Our video is stored as a 200x480x640 array, where the first dimension is the time axis and the second two dimensions are the spatial axes. In other words, the video consists of 200 individual 480x640 pixel frames. We can extract the first frame (frame number 0) into an array f, using the indexing concepts introduced earlier.

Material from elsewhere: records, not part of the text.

(* (1) If $\alpha:P\to P_0$ is an incentive strategy of the leader and $u^\natural\in\mathcal{E}(\alpha)$, then $(\alpha[u^\natural],u^\natural)\in\mathcal{B}$. (2) If $u_0^\natural\in P_0$ and $u^\natural\in P$ satisfy $(u_0^\natural,u^\natural)\in\mathcal{B}$, then there exists an incentive strategy of the leader $\alpha:P\to P_0$ such that $\alpha[u^\natural]=u_0^\natural$ and $u^\natural\in\mathcal{E}(\alpha)$.
   Context: Static game with a leader (player $0$) and followers $1,\dots,n$. Each $P_i$ ($i=0,\dots,n$) is a nonempty compact metric space and each payoff $J_i:P_0\times P_1\times\dots\times P_n\to\mathbb{R}$ ($i=0,\dots,n$) is continuous; each player maximizes. Let $P=P_1\times\dots\times P_n$; elements $u=(u_1,\dots,u_n)\in P$ are profiles of followers' strategies, and for $u_i'\in P_i$, $(u_i',u_{-i})$ denotes $u$ with the $i$-th component replaced by $u_i'$. Write $J_i(u_0,u)=J_i(u_0,u_1,\dots,u_n)$. An incentive strategy of the leader is an arbitrary map $\alpha:P\to P_0$. The set of followers' Nash equilibria against $\alpha$ is $\mathcal{E}(\alpha)=\{u\in P: J_i(\alpha[u],u)\ge J_i(\alpha[(u_i',u_{-i})],(u_i',u_{-i}))\ \text{for all } i=1,\dots,n,\ u_i'\in P_i\}$. Define $\mathcal{B}=\{(u_0,u)\in P_0\times P: J_i(u_0,u)\ge\max_{u_i'\in P_i}\min_{u_0'\in P_0}J_i(u_0',u_i',u_{-i})\ \text{for } i=1,\dots,n\}$. *)

theory Defs
  imports "HOL-Analysis.Analysis"
begin

text \<open>All strategy spaces are carried by subsets of one metric space type 'a:
  P 0 is the leader's strategy set, P i (1 \<le> i \<le> n) the followers' sets.  J i u0 u is the payoff of player i.\<close>

definition profiles :: "nat \<Rightarrow> (nat \<Rightarrow> 'a set) \<Rightarrow> (nat \<Rightarrow> 'a) set" where
  "profiles n P = PiE {1..n} P"

definition game :: "nat \<Rightarrow> (nat \<Rightarrow> 'a::metric_space set)
    \<Rightarrow> (nat \<Rightarrow> 'a \<Rightarrow> (nat \<Rightarrow> 'a) \<Rightarrow> real) \<Rightarrow> bool" where
  "game n P J \<longleftrightarrow>
     (\<forall>i\<in>{0..n}. compact (P i) \<and> P i \<noteq> {}) \<and>
     (\<forall>i\<in>{0..n}. continuous_on (P 0 \<times> profiles n P) (\<lambda>(u0, u). J i u0 u))"

definition incentive :: "nat \<Rightarrow> (nat \<Rightarrow> 'a set) \<Rightarrow> ((nat \<Rightarrow> 'a) \<Rightarrow> 'a) set" where
  "incentive n P = profiles n P \<rightarrow> P 0"

definition NE :: "nat \<Rightarrow> (nat \<Rightarrow> 'a set) \<Rightarrow> (nat \<Rightarrow> 'a \<Rightarrow> (nat \<Rightarrow> 'a) \<Rightarrow> real)
    \<Rightarrow> ((nat \<Rightarrow> 'a) \<Rightarrow> 'a) \<Rightarrow> (nat \<Rightarrow> 'a) set" where
  "NE n P J \<alpha> = {u \<in> profiles n P. \<forall>i\<in>{1..n}. \<forall>v\<in>P i.
       J i (\<alpha> u) u \<ge> J i (\<alpha> (u(i := v))) (u(i := v))}"

text \<open>The set B; max/min are written as SUP/INF (attained under the game assumptions).\<close>
definition Bset :: "nat \<Rightarrow> (nat \<Rightarrow> 'a set) \<Rightarrow> (nat \<Rightarrow> 'a \<Rightarrow> (nat \<Rightarrow> 'a) \<Rightarrow> real)
    \<Rightarrow> ('a \<times> (nat \<Rightarrow> 'a)) set" where
  "Bset n P J = {(u0, u). u0 \<in> P 0 \<and> u \<in> profiles n P \<and>
     (\<forall>i\<in>{1..n}. J i u0 u \<ge> (SUP v\<in>P i. INF w\<in>P 0. J i w (u(i := v))))}"

end

theory Submission
  imports Defs
begin

text \<open>
  Part (1): at a followers' equilibrium u against \<alpha>, a unilateral
  deviation of follower i to v yields J i (\<alpha> u') u' with u' = u(i := v), and this is
  at least the worst case INF over all leader strategies of J i at u'; taking the
  supremum over v gives exactly the defining inequality of B.
  Part (2): given (u0, u) in B, the leader uses a "trigger" strategy: play u0 at u,
  and against any other profile x punish the (some) follower who deviated by playing
  a strategy that minimises that follower's payoff at x.  A unilateral deviation of
  follower i is attributed to i, so its payoff drops to the worst case, which is
  bounded by the security level SUP/INF and hence by J i u0 u.
  Compactness of the strategy sets and continuity of the payoffs enter only to
  make these SUP/INF finite and the minimum attained.
\<close>

text \<open>A finite-support product of compact sets is compact: extend the index set to
  the whole type by singletons and apply Tychonoff's theorem for products.\<close>
lemma compact_PiE:
  fixes S :: "'i \<Rightarrow> 'a::topological_space set"
  assumes "\<And>i. i \<in> I \<Longrightarrow> compact (S i)"
  shows "compact (PiE I S)"
proof -
  have PiE_UNIV: "PiE I S = PiE UNIV (\<lambda>i. if i \<in> I then S i else {undefined})"
    by (auto simp: PiE_iff extensional_def split: if_splits)
  have "compactin (product_topology (\<lambda>_. euclidean) UNIV)
          (PiE UNIV (\<lambda>i. if i \<in> I then S i else {undefined}))"
    using assms by (auto simp: compactin_PiE)
  then show ?thesis
    by (simp add: PiE_UNIV euclidean_product_topology)
qed

lemma payoff_bounded:
  assumes g: "game n P J" and i: "i \<in> {0..n}"
  obtains B where "\<And>w x. w \<in> P 0 \<Longrightarrow> x \<in> profiles n P \<Longrightarrow> \<bar>J i w x\<bar> \<le> B"
proof -
  have "compact (P 0 \<times> profiles n P)"
    using g unfolding game_def profiles_def by (auto intro!: compact_Times compact_PiE)
  moreover have "continuous_on (P 0 \<times> profiles n P) (\<lambda>(w, x). J i w x)"
    using g i unfolding game_def by auto
  ultimately have "bounded ((\<lambda>(w, x). J i w x) ` (P 0 \<times> profiles n P))"
    by (intro compact_imp_bounded compact_continuous_image)
  then obtain B where "\<forall>y \<in> (\<lambda>(w, x). J i w x) ` (P 0 \<times> profiles n P). norm y \<le> B"
    by (auto simp: bounded_iff)
  then show ?thesis by (intro that[of B]) force
qed

lemma worst_case_le:
  assumes g: "game n P J" and i: "i \<in> {0..n}"
    and x: "x \<in> profiles n P" and w: "w \<in> P 0"
  shows "(INF w'\<in>P 0. J i w' x) \<le> J i w x"
proof (rule cINF_lower[OF _ w])
  obtain B where "\<And>w x. w \<in> P 0 \<Longrightarrow> x \<in> profiles n P \<Longrightarrow> \<bar>J i w x\<bar> \<le> B"
    using payoff_bounded[OF g i] by blast
  then show "bdd_below ((\<lambda>w'. J i w' x) ` P 0)"
    using x by (intro bdd_belowI2[of _ "-B"]) force
qed

lemma profile_upd:
  "x \<in> profiles n P \<Longrightarrow> i \<in> {1..n} \<Longrightarrow> v \<in> P i \<Longrightarrow> x(i := v) \<in> profiles n P"
  unfolding profiles_def by (auto simp: PiE_iff extensional_def)

lemma worst_case_le_security:
  assumes g: "game n P J" and i: "i \<in> {1..n}"
    and u: "u \<in> profiles n P" and v: "v \<in> P i"
  shows "(INF w\<in>P 0. J i w (u(i := v))) \<le> (SUP v\<in>P i. INF w\<in>P 0. J i w (u(i := v)))"
proof (rule cSUP_upper[OF v])
  obtain B where B: "\<And>w x. w \<in> P 0 \<Longrightarrow> x \<in> profiles n P \<Longrightarrow> \<bar>J i w x\<bar> \<le> B"
    using payoff_bounded[OF g] i by auto
  obtain w0 where w0: "w0 \<in> P 0"
    using g unfolding game_def by fastforce
  have "(INF w\<in>P 0. J i w (u(i := v'))) \<le> B" if v': "v' \<in> P i" for v'
    using worst_case_le[OF g _ profile_upd[OF u i v'] w0] B[OF w0 profile_upd[OF u i v']] i
    by fastforce
  then show "bdd_above ((\<lambda>v. INF w\<in>P 0. J i w (u(i := v))) ` P i)"
    by (intro bdd_aboveI2) auto
qed

lemma equilibrium_in_B:
  assumes g: "game n P J" and \<alpha>: "\<alpha> \<in> incentive n P" and u: "u \<in> NE n P J \<alpha>"
  shows "(\<alpha> u, u) \<in> Bset n P J"
proof -
  have up: "u \<in> profiles n P" using u by (simp add: NE_def)
  have "(SUP v\<in>P i. INF w\<in>P 0. J i w (u(i := v))) \<le> J i (\<alpha> u) u" if i: "i \<in> {1..n}" for i
  proof (rule cSUP_least)
    show "P i \<noteq> {}" using g i unfolding game_def by auto
  next
    fix v assume v: "v \<in> P i"
    let ?u' = "u(i := v)"
    have "?u' \<in> profiles n P" by (rule profile_upd[OF up i v])
    then have "(INF w\<in>P 0. J i w ?u') \<le> J i (\<alpha> ?u') ?u'"
      using \<alpha> i by (intro worst_case_le[OF g]) (auto simp: incentive_def)
    also have "\<dots> \<le> J i (\<alpha> u) u" using u i v by (auto simp: NE_def)
    finally show "(INF w\<in>P 0. J i w ?u') \<le> J i (\<alpha> u) u" .
  qed
  moreover have "\<alpha> u \<in> P 0" using \<alpha> up by (auto simp: incentive_def)
  ultimately show ?thesis using up by (auto simp: Bset_def)
qed

definition deviator :: "nat \<Rightarrow> (nat \<Rightarrow> 'a) \<Rightarrow> (nat \<Rightarrow> 'a) \<Rightarrow> nat" where
  "deviator n u x = (SOME i. i \<in> {1..n} \<and> x i \<noteq> u i)"

definition punishment :: "(nat \<Rightarrow> 'a set) \<Rightarrow> (nat \<Rightarrow> 'a \<Rightarrow> (nat \<Rightarrow> 'a) \<Rightarrow> real)
    \<Rightarrow> nat \<Rightarrow> (nat \<Rightarrow> 'a) \<Rightarrow> 'a" where
  "punishment P J i x = (SOME w. w \<in> P 0 \<and> J i w x = (INF w'\<in>P 0. J i w' x))"

definition trigger :: "nat \<Rightarrow> (nat \<Rightarrow> 'a set) \<Rightarrow> (nat \<Rightarrow> 'a \<Rightarrow> (nat \<Rightarrow> 'a) \<Rightarrow> real)
    \<Rightarrow> 'a \<Rightarrow> (nat \<Rightarrow> 'a) \<Rightarrow> (nat \<Rightarrow> 'a) \<Rightarrow> 'a" where
  "trigger n P J u0 u x = (if x = u then u0 else punishment P J (deviator n u x) x)"

text \<open>Distinct profiles differ at a follower's coordinate, by extensionality.\<close>
lemma deviator_mem:
  assumes "x \<in> profiles n P" "u \<in> profiles n P" "x \<noteq> u"
  shows "deviator n u x \<in> {1..n}"
proof -
  obtain j where j: "x j \<noteq> u j" using assms(3) by auto
  then have "j \<in> {1..n}"
    using assms(1,2) unfolding profiles_def by (metis PiE_arb)
  with j show ?thesis
    unfolding deviator_def by (metis (mono_tags, lifting) someI)
qed

lemma deviator_upd:
  assumes "i \<in> {1..n}" "u(i := v) \<noteq> u"
  shows "deviator n u (u(i := v)) = i"
  unfolding deviator_def using assms
  by (intro some_equality) (auto split: if_splits)

text \<open>The minimum in the leader's strategy is attained, by continuity on the
  compact set P 0.\<close>
lemma punishment:
  assumes g: "game n P J" and i: "i \<in> {0..n}" and x: "x \<in> profiles n P"
  shows "punishment P J i x \<in> P 0 \<and> J i (punishment P J i x) x = (INF w\<in>P 0. J i w x)"
proof -
  have "continuous_on (P 0 \<times> profiles n P) (\<lambda>(w, x). J i w x)"
    using g i unfolding game_def by auto
  then have "continuous_on (P 0) ((\<lambda>(w, x). J i w x) \<circ> (\<lambda>w. (w, x)))"
    using x by (intro continuous_on_compose continuous_intros)
      (auto elim: continuous_on_subset)
  then have "continuous_on (P 0) (\<lambda>w. J i w x)" by (simp add: o_def)
  then obtain w where w: "w \<in> P 0" "\<And>w'. w' \<in> P 0 \<Longrightarrow> J i w x \<le> J i w' x"
    using g continuous_attains_inf[of "P 0" "\<lambda>w. J i w x"] unfolding game_def by auto
  then have "J i w x = (INF w'\<in>P 0. J i w' x)"
    using worst_case_le[OF g i x w(1)] by (intro antisym cINF_greatest) auto
  with w(1) show ?thesis
    unfolding punishment_def by (metis (mono_tags, lifting) someI)
qed

lemma trigger_incentive:
  assumes g: "game n P J" and u0: "u0 \<in> P 0" and u: "u \<in> profiles n P"
  shows "trigger n P J u0 u \<in> incentive n P"
  unfolding incentive_def trigger_def
  using u0 punishment[OF g _ _] deviator_mem[OF _ u] by auto

text \<open>Against the trigger strategy no follower gains by deviating from u, since the
  punished payoff is at most the security level, which (u0, u) \<in> B dominates.\<close>
lemma trigger_NE:
  assumes g: "game n P J" and B: "(u0, u) \<in> Bset n P J"
  shows "u \<in> NE n P J (trigger n P J u0 u)"
proof -
  have u: "u \<in> profiles n P"
    and secure: "\<And>i. i \<in> {1..n} \<Longrightarrow> (SUP v\<in>P i. INF w\<in>P 0. J i w (u(i := v))) \<le> J i u0 u"
    using B by (auto simp: Bset_def)
  have "J i (trigger n P J u0 u (u(i := v))) (u(i := v)) \<le> J i u0 u"
    if i: "i \<in> {1..n}" and v: "v \<in> P i" and dev: "u(i := v) \<noteq> u" for i v
  proof -
    let ?u' = "u(i := v)"
    have "trigger n P J u0 u ?u' = punishment P J i ?u'"
      using dev deviator_upd[OF i dev] by (simp add: trigger_def)
    then have "J i (trigger n P J u0 u ?u') ?u' = (INF w\<in>P 0. J i w ?u')"
      using punishment[OF g _ profile_upd[OF u i v]] i by simp
    also have "\<dots> \<le> (SUP v\<in>P i. INF w\<in>P 0. J i w (u(i := v)))"
      by (rule worst_case_le_security[OF g i u v])
    also have "\<dots> \<le> J i u0 u" by (rule secure[OF i])
    finally show ?thesis .
  qed
  then show ?thesis
    using u by (fastforce simp: NE_def trigger_def)
qed

theorem lemma3:
  fixes n :: nat and P :: "nat \<Rightarrow> 'a::metric_space set"
    and J :: "nat \<Rightarrow> 'a \<Rightarrow> (nat \<Rightarrow> 'a) \<Rightarrow> real"
  assumes "game n P J"
  shows "(\<forall>\<alpha> \<in> incentive n P. \<forall>u \<in> NE n P J \<alpha>. (\<alpha> u, u) \<in> Bset n P J)
     \<and> (\<forall>u0 u. (u0, u) \<in> Bset n P J \<longrightarrow>
          (\<exists>\<alpha> \<in> incentive n P. \<alpha> u = u0 \<and> u \<in> NE n P J \<alpha>))"
proof (intro conjI ballI allI impI)
  fix \<alpha> u assume "\<alpha> \<in> incentive n P" "u \<in> NE n P J \<alpha>"
  then show "(\<alpha> u, u) \<in> Bset n P J" by (rule equilibrium_in_B[OF assms])
next
  fix u0 u assume B: "(u0, u) \<in> Bset n P J"
  then have "u0 \<in> P 0" "u \<in> profiles n P" by (auto simp: Bset_def)
  then show "\<exists>\<alpha> \<in> incentive n P. \<alpha> u = u0 \<and> u \<in> NE n P J \<alpha>"
    using trigger_incentive[OF assms] trigger_NE[OF assms B]
    by (intro bexI[of _ "trigger n P J u0 u"]) (auto simp: trigger_def)
qed

end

f = data[0,:,:] # extract the first frame

plt.imshow(f)
<matplotlib.image.AxesImage at 0x1227ebbb0>
../_images/segmentation_31_1.png

Crop the Image

Next we will crop the image to only focus on a single bright particle. We will draw some lines on the image to indicate the cropping boundaries, then use slicing to create an array f_cropped containing the cropped image.

x_min = 400
x_max = 600
y_min = 10
y_max = 150

# Indicate cropping boundaries
plt.figure(figsize=(7,7))
plt.imshow(f)
plt.axvline(x_min)
plt.axvline(x_max)
plt.axhline(y_min)
plt.axhline(y_max)

f_cropped = data[0, y_min:y_max, x_min:x_max]

# Cropped figure
plt.figure(figsize=(7,7))
plt.imshow(f_cropped)
<matplotlib.image.AxesImage at 0x1418a68e0>
../_images/segmentation_33_1.png ../_images/segmentation_33_2.png

Use segmentation to determine the x,y-co-ordinates of the particle in the cropped frame. This is a good opportunity to use the function largest_blob_coords that you defined previously.

# Threshold value
t = 70

f = data[0, y_min:y_max, x_min:x_max]
plt.figure()
plt.imshow(f)

f_threshold = (f > t).astype(int)
plt.figure()
plt.imshow(f_threshold)

# Add code to determine blob coordinates
# x, y =  ...

Repeat for a few other frames in the range 0…10. Can you find a threshold value that works across all frames in this range?

Our final task is to track the random movement of a single particle over time. We already have the tools to isolate a particle and determine its coordinates. All that’s left is to store those coordinates for a series of points in time.

To do this, we’ll first create arrays to store the coordinates. Then we’ll repeat our segmentation process for a sequence of frames, storing the coordinates as we go.

Edit the code below to complete the task

num_frames = 20

# Create arrays for storing blob coordinates
x_pos_array = np.zeros(num_frames)
y_pos_array = np.zeros(num_frames)

for i in range(num_frames):
    
    f = data[i, y_min:y_max, x_min:x_max]
    
    # Add code to obtain the x and y coordinates of the largest particle in the current frame here
    # ...
    
    # Store the current coordinates in the corresponding position 
    x_pos_array[i] = x_pos
    y_pos_array[i] = y_pos

If all goes well, you should have two arrays containing the x and y (or column and row) coordinates as the particle as it moves through time. We can plot those coordinates as a single trajectory:

You can recreate the figure above using the following code:

plt.figure(figsize=(5,5))
ax = plt.gca()
 
plt.plot(x_pos_array, y_pos_array)
plt.xlim(0, x_max-x_min)
plt.ylim(0, y_max-y_min)

ax.invert_yaxis()
ax.set_aspect('equal')

Exercise

Choose another particle in the video and repeat the steps above to track its movement.